Metamath is already more and better than I would've thought possible. And there are extremely good reasons that Metamath exists and my idea is just a dream. But I think the dream has potential. Who knows—Metamath might evolve in this direction.

2 comments:

logopetria said...

A commenter over at Scott Aaronson's place has linked here. Scott was replying to a comment from Bram Cohen about automated theorem checking. Bram views "the switch to doing mathematics in the style just described [i.e. making proofs machine-checkable] as inevitable..."

I like your ideas about incremental proof development - that seems like exactly the right way to go. Roughly, whenever someone enters a putative proof A=>B=>C...=>Z, each of the steps should be checked (and if necessary and possible, filled out into a verifiably valid deduction), and then any uncompleted steps are subbed off as unproven Lemmas. There'd presumably be a page of links to "Lemmas needing attention", sort of like Wikipedia's Wanted Pages list.

You've talked about Metamath, but do you have any preference for this over other automated systems like HOL or Mizar? (Sorry if you've written about this loads already - I've just got here and haven't read through your previous posts yet).

My main concern for the health of such a project is that standardization on some particular language (like Metamath, or HOL) may turn away people who don't like that style. Each of those projects has a community of users who spend their spare time transcribing proofs into that language, but who evidently don't trouble to do the same for other languages (since the different projects have made different amounts of progress).

You might avoid this problem if you had proofs coded in a language that's so nice that essentially everyone likes it - like the LaTeX of proofs. But better yet would be the ability to translate from one language to another. Then any proof can be written in the writer's preferred language, and displayed in the reader's favourite. It would also mean that the existing databases of proofs in those various projects could be rolled together to give a good starting point.

I've just been watching the lecture on Generic Operators in the SICP series, so separating the representation (in the machine) from the presentation (to the user) seems the natural thing to do. Ideally, someone would eventually write something that turned formal proofs in the system into readable papers. And someone else would write an interface that output proofs formatted in Leslie Lamport's nested style, and so on.

jto said...

You've talked about Metamath, but do you have any preference for this over other automated systems like HOL or Mizar?

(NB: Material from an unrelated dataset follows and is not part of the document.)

(* Let $c \geq 1$, $r\ge 0$, $k \geq 1$ be integers and let $m$ be the number of variables of $F_{r,k}$. Then every $c$-NSOBDD computing $F_{r,k}$ has size at least $\left(\frac{m}{6k^2}\right)^{k/(4c-2)}$.
   Context: For a graph $G$, the CNF $CNF(G)$ has a variable $X_u$ for each vertex $u$ and a variable $X_{u,v}=X_{v,u}$ for each edge $\{u,v\}$; its clauses are $(X_u \vee X_{u,v} \vee X_v)$ for each edge $\{u,v\}$. $T_r$ is the complete binary tree of height $r$; $CT_{r,k}$ is obtained from $T_r$ by replacing each node by a $k$-clique and, for each edge $\{a,b\}$ of $T_r$, joining every vertex of the clique of $a$ to every vertex of the clique of $b$; $F_{r,k}=CNF(CT_{r,k})$. A non-deterministic branching program is a directed acyclic graph with one root and one leaf, some of whose edges are labelled by literals of variables. A path is consistent if it does not contain two edges labelled by opposite literals of the same variable; a consistent root-leaf path is a computational path. The program computes $F$: an assignment $S$ (as a set of literals) satisfies $F$ iff some computational path has all its labels in $S$. A $c$-NSOBDD is such a program for which there is a permutation $SV$ of its variables such that every computational path $P$ can be written as $P=P_1+\dots+P_c$ (concatenation of subpaths) where on each $P_i$ each variable occurs at most once and the labels along $P_i$ are ordered according to $SV$. Size is the number of nodes. *)

theory Defs
  imports Complex_Main
begin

No. I don't know enough to have an informed opinion.

I am not sure what to do about multiple languages and styles. I am not as confident as you are about translation. I think different systems will have incompatible beliefs. If one system uses a Dedekind construction of the reals and maybe another uses a different construction, neither will be able to reason about Theorempedia's reals, which I imagine will be defined axiomatically (and the various constructions will be theorems). But let's suppose this problem can be solved.

I have changed my mind about one thing. I think probably Theorempedia doesn't need provers of its own; instead, it can use distributed brainpower. If you have written a hot-shot prover, then you can easily write a spider that constantly walks Theorempedia, pulls out unproven steps, and poses them to the prover as problems. When your prover proves a step, it submits the proof in a form Theorempedia can check. Any number of provers could do this. It could get pretty competitive, if we're lucky...

From the ordinary mathematician's point of view, he just enters a high-level proof, which Theorempedia per se isn't smart enough to check. He comes back the next day, and all the lights are green. Overnight, a theorem-prover in Germany was able to prove most of his steps, and one in Singapore proved the others. Sounds pretty good to me.

All Theorempedia needs is a common rock-bottom proof-checking algorithm--the base case. Then with minimal cleverness it can check new low-level submissions. Ultimately you should be able to query Theorempedia for a machine-readable proof that contains all the steps, which you may then check yourself in O(N) time. Metamath just happens to be the project I've seen that puts the most emphasis on how simple this is.